__Work required__. Copy every line of the data that includes the string "integer".

__Exercise input__.
(* There is an absolute constant $c>0$ such that for every integer $k\ge 1$ and every integer $n\ge 2k$, there exists an $n$-vertex graph $G$ of pathwidth $k$ such that every EPG-representation of $G$ uses at least $c\,kn$ grid-edges (hence lies in a grid of area at least $c\,kn$).
   Context: The $w\times h$-grid consists of all grid-points $(i,j)$ with integer coordinates $1\le i\le w$, $1\le j\le h$, and all grid-edges joining grid-points at distance $1$; its area is $wh$. An EPG-representation of a graph $G$ assigns to each vertex $v$ a path $\mathrm{path}(v)$ in the grid such that $(v,w)$ is an edge of $G$ if and only if $\mathrm{path}(v)$ and $\mathrm{path}(w)$ share a grid-edge. The pathwidth of $G$ is the smallest $k$ such that $G$ is a subgraph of a $(k+1)$-colourable interval graph (an interval graph is the intersection graph of a family of closed intervals of the real line). *)

theory Defs
  imports Complex_Main
begin

definition simple_graph :: "nat \<Rightarrow> (nat \<Rightarrow> nat \<Rightarrow> bool) \<Rightarrow> bool" where
  "simple_graph n E \<longleftrightarrow>
     (\<forall>u v. E u v \<longrightarrow> u < n \<and> v < n) \<and>
     (\<forall>u v. E u v \<longrightarrow> E v u) \<and>
     (\<forall>v. \<not> E v v)"

text \<open>G is a (spanning) subgraph of a (k+1)-colourable interval graph: each vertex v
  gets a closed real interval [a v, b v]; the interval graph joins distinct vertices whose
  intervals intersect; col is a proper (k+1)-colouring of that interval graph; every edge
  of G is an edge of the interval graph.\<close>

definition subgraph_of_colourable_interval_graph ::
    "nat \<Rightarrow> (nat \<Rightarrow> nat \<Rightarrow> bool) \<Rightarrow> nat \<Rightarrow> bool" where
  "subgraph_of_colourable_interval_graph n E m \<longleftrightarrow>
     (\<exists>(a :: nat \<Rightarrow> real) (b :: nat \<Rightarrow> real) (col :: nat \<Rightarrow> nat).
        (\<forall>v<n. a v \<le> b v \<and> col v < m) \<and>
        (\<forall>u<n. \<forall>v<n. u \<noteq> v \<and> max (a u) (a v) \<le> min (b u) (b v) \<longrightarrow> col u \<noteq> col v) \<and>
        (\<forall>u<n. \<forall>v<n. E u v \<longrightarrow> max (a u) (a v) \<le> min (b u) (b v)))"

definition pathwidth :: "nat \<Rightarrow> (nat \<Rightarrow> nat \<Rightarrow> bool) \<Rightarrow> nat" where
  "pathwidth n E = (LEAST k. subgraph_of_colourable_interval_graph n E (k + 1))"

type_synonym point = "int \<times> int"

__Response__.
(* There is an absolute constant $c>0$ such that for every integer $k\ge 1$ and every integer $n\ge 2k$, there exists an $n$-vertex graph $G$ of pathwidth $k$ such that every EPG-representation of $G$ uses at least $c\,kn$ grid-edges (hence lies in a grid of area at least $c\,kn$).
   Context: The $w\times h$-grid consists of all grid-points $(i,j)$ with integer coordinates $1\le i\le w$, $1\le j\le h$, and all grid-edges joining grid-points at distance $1$; its area is $wh$. An EPG-representation of a graph $G$ assigns to each vertex $v$ a path $\mathrm{path}(v)$ in the grid such that $(v,w)$ is an edge of $G$ if and only if $\mathrm{path}(v)$ and $\mathrm{path}(w)$ share a grid-edge. The pathwidth of $G$ is the smallest $k$ such that $G$ is a subgraph of a $(k+1)$-colourable interval graph (an interval graph is the intersection graph of a family of closed intervals of the real line). *)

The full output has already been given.